Review: Secret in Their Eyes
PLOT: A special investigator (Chiwetel Ejiofor) spends twelve years investigating the murder of his partner's (Julia Roberts) daughter while struggling with unrequited feelings for his boss (Nicole Kidman).
REVIEW: Hollywood never seems to tire of remakes. For every THE DEPARTED there's a whole bunch of bad ones like Spike Lee's OLDBOY and now Billy Ray's SECRET IN THEIR EYES. The original took home a well-deserved “best foreign film” Oscar a few years ago, but whatever style and substance Juan José Campanella's movie had is utterly absent from this atrocious new take on the material. Transferring the Peron-era Argentinian setting of the original to post-9/11 L.A might not have been a bad idea if only Ray approached the film with any kind of originality at all. Instead, this plays out like a really bad episode of Homeland, and is sure make a quick exit at theaters nationwide.
That's a shame as there's a lot of talent here. Chiwetel Ejiofor is the real-deal as a leading man, but his intensity is wasted in a by-the-numbers part. His dogged investigator is a far-cry from the more sophisticated, cerebral one played by Argentinian superstar Ricardo Darin in the original. Instead, Ejifor's FBI agent must be the worst on-screen cop in years, with him freely punching-out suspects and at one point even ludicrously strangling a colleague who he's convinced is holding-out on him. It's almost hysterical how bad he is.
Nicole Kidman, as the object of his undying devotion, doesn't fare any better. She's supposed to be a sophisticated D.A but all she does is pout and make eyes at Ejiofor while letting him break whatever rules he wants in the investigation. Kidman's a puzzling actress in that sometimes she's so good (RABBIT HOLE) but here's she's incredibly stiff and un-engaged.
Of all of them, Julia Roberts comes off the best, maybe due to the fact that she's the only one who didn't have an equivalent part in the original. Outside of the setting, the big twist is that instead of an anonymous girl, the victim here is Roberts' teenage daughter, which is an intriguing twist but one that doesn't pay off outside of one admittedly powerful scene where she discovers her daughter's corpse.

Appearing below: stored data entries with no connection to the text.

(* For every integer $n\ge 1$, $$ \nu_3(T(n))=\begin{cases} 0, & n\equiv 1,2,3,4,5,6,8,10,11\pmod{13};\\ 1, & n\equiv 7\pmod{13};\\ \nu_3(n)+2, & n\equiv 0\pmod{13};\\ \nu_3(n+1)+2, & n\equiv 12\pmod{13};\\ 4, & n\equiv 9\pmod{39};\\ \nu_3(n+17)+4, & n\equiv 22\pmod{39};\\ \nu_3(n+4)+4, & n\equiv 35\pmod{39}. \end{cases} $$
   Context: $T:\mathbb Z\to\mathbb Z$ is the Tribonacci sequence defined by $T(0)=0$, $T(1)=T(2)=1$ and $T(n+3)=T(n+2)+T(n+1)+T(n)$ for all $n\in\mathbb Z$. For a prime $p$, $\nu_p$ denotes the $p$-adic valuation (exponent of $p$), with $\nu_p(0)=+\infty$. *)

theory Defs
  imports "HOL-Computational_Algebra.Computational_Algebra"
begin

fun trib :: "nat \<Rightarrow> int" where
  "trib 0 = 0"
| "trib (Suc 0) = 1"
| "trib (Suc (Suc 0)) = 1"
| "trib (Suc (Suc (Suc n))) = trib (Suc (Suc n)) + trib (Suc n) + trib n"

end

theory Submission
  imports Defs
begin

text \<open>
  Extend T to all integers. For every shift c, the linear form L_c(sum a_i x^i) = sum a_i T(c + i)
  on Z[x] sends x^n to T(c + n) and vanishes on multiples of the characteristic polynomial
  F = x^3 - x^2 - x - 1, so congruences for powers of x modulo F and powers of 3 become congruences
  for T. Modulo F one finds x^13 = 4 + 3^2 d and x^39 = 64 + 3^3 d' for explicit quadratic d, d'.
  The lifting-the-exponent estimate (a + 3^s e)^k = a^k + k a^(k-1) 3^s e mod 3^(v_3(k) + 2s)
  then determines T(c + 13k) modulo 3^(v_3(k) + 4) and T(c + 39k) modulo 3^(v_3(k) + 6) from
  T(c), T(c + 1), T(c + 2). For c in 1..11 the term 4^k T(c) decides the valuation (and
  64^k T(9) with T(9) = 3^4 for n = 9 mod 39); at the zeros c = 0, -1, -4, -17 of T it is the
  first-order term k 4^(k-1) 3^2 L_c(d), resp. k 64^(k-1) 3^3 L_c(d'), of valuation v_3(k) plus
  a constant.
\<close>

fun trib_neg :: "nat \<Rightarrow> int" where
  "trib_neg 0 = 0"
| "trib_neg (Suc 0) = 0"
| "trib_neg (Suc (Suc 0)) = 1"
| "trib_neg (Suc (Suc (Suc m))) = trib_neg m - trib_neg (Suc m) - trib_neg (Suc (Suc m))"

One really confusing thing about Ray's film is the way it crisscrossed between the eras, with none of the leads looking like they've aged at all over the twelve years – maybe partly due to their vanity. Ejiofor has some salt and pepper in his temples while Roberts simply avoids make-up to show she's grieving. Kidman looks exactly the same except in the scenes where she's young, she wears her hair in a ponytail. At times I was unsure if I was watching a present-day segment or a flashback, which is inconvenient for a thriller.
Ray does try to ape some of the more famous scenes from the original, with the helicopter shot of the soccer stadium replaced here by a similar shot of a baseball stadium. He didn't really need to bother with this as the rest of the film departs from the original in such goofy ways it's a prime example of how badly mangled a movie like the original can end up after going through the Hollywood machine.
While in some ways it's fascinating to see how yet another remake could go so badly awry, considering all the good actors involved, this messy film is more depressing than anything as it's a waste of major resources. Hollywood seems to have forgotten how to make good, classy thrillers that aren't based on pre-existing material, and nowhere is that more evident than here.